Saved entries

═══

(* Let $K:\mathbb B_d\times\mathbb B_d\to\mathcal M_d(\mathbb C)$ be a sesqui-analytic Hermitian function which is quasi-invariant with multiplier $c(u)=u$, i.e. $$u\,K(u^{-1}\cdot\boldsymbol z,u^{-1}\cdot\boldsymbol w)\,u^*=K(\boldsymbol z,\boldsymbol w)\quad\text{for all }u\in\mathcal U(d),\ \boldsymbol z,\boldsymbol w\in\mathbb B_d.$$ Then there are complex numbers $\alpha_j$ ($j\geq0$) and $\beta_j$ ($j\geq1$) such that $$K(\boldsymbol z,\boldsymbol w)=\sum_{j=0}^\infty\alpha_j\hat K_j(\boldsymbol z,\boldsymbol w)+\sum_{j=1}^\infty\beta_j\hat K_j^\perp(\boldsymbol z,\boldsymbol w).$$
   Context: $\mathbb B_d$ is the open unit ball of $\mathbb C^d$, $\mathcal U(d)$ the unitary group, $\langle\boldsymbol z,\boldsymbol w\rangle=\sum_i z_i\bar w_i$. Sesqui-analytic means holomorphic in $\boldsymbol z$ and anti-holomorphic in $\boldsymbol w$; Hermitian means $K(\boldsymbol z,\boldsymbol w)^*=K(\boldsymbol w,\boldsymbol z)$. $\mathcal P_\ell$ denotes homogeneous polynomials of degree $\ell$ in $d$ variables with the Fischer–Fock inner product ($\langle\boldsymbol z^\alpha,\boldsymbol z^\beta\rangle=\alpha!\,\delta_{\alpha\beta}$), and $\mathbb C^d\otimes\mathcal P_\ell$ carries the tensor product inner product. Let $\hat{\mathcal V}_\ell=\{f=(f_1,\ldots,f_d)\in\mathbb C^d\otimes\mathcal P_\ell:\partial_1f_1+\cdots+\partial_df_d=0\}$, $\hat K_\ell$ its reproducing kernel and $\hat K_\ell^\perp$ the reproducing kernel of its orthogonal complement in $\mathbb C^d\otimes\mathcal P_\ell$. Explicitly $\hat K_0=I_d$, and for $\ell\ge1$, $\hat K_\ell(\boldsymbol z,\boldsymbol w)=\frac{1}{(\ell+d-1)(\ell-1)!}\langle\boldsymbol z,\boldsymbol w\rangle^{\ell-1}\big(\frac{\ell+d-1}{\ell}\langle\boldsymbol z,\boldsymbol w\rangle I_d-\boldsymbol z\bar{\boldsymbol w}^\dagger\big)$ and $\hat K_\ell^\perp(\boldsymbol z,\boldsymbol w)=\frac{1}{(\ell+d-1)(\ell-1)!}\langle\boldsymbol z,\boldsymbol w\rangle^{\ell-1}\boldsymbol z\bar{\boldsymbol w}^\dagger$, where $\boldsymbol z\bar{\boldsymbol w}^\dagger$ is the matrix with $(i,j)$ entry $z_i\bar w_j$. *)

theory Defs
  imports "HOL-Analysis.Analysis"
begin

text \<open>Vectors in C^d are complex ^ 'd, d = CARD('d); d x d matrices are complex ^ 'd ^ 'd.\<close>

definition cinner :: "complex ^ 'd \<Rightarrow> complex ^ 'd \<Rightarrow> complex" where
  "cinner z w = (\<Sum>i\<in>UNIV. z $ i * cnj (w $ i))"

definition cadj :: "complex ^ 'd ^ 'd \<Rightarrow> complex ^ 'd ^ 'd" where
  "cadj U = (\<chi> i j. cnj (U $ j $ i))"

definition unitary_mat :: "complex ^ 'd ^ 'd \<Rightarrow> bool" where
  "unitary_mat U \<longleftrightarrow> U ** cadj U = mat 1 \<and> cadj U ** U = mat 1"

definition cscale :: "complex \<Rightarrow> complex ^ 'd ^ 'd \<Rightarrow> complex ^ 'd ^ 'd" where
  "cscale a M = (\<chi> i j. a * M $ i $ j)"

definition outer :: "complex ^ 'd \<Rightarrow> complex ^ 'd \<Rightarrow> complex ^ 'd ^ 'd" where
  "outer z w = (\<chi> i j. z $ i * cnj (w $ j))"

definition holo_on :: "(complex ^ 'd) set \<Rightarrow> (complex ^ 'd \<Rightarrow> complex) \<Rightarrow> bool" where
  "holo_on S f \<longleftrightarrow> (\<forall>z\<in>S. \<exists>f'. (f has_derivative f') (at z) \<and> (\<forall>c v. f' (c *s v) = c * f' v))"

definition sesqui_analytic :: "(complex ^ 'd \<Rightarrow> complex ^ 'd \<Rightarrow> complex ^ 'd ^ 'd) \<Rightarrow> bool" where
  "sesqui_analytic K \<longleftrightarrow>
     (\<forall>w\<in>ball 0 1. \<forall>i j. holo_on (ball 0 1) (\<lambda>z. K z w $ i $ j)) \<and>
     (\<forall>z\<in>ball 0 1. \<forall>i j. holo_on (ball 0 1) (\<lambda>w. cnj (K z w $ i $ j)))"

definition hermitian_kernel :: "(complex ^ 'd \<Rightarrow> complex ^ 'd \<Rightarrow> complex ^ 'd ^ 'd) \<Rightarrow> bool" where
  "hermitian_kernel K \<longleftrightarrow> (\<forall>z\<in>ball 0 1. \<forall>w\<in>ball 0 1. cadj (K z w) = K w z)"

═══

TASK STATEMENT
Copy each line from the data above that includes "lambda".

YOUR SOLUTION
     (\<forall>w\<in>ball 0 1. \<forall>i j. holo_on (ball 0 1) (\<lambda>z. K z w $ i $ j)) \<and>
     (\<forall>z\<in>ball 0 1. \<forall>i j. holo_on (ball 0 1) (\<lambda>w. cnj (K z w $ i $ j)))"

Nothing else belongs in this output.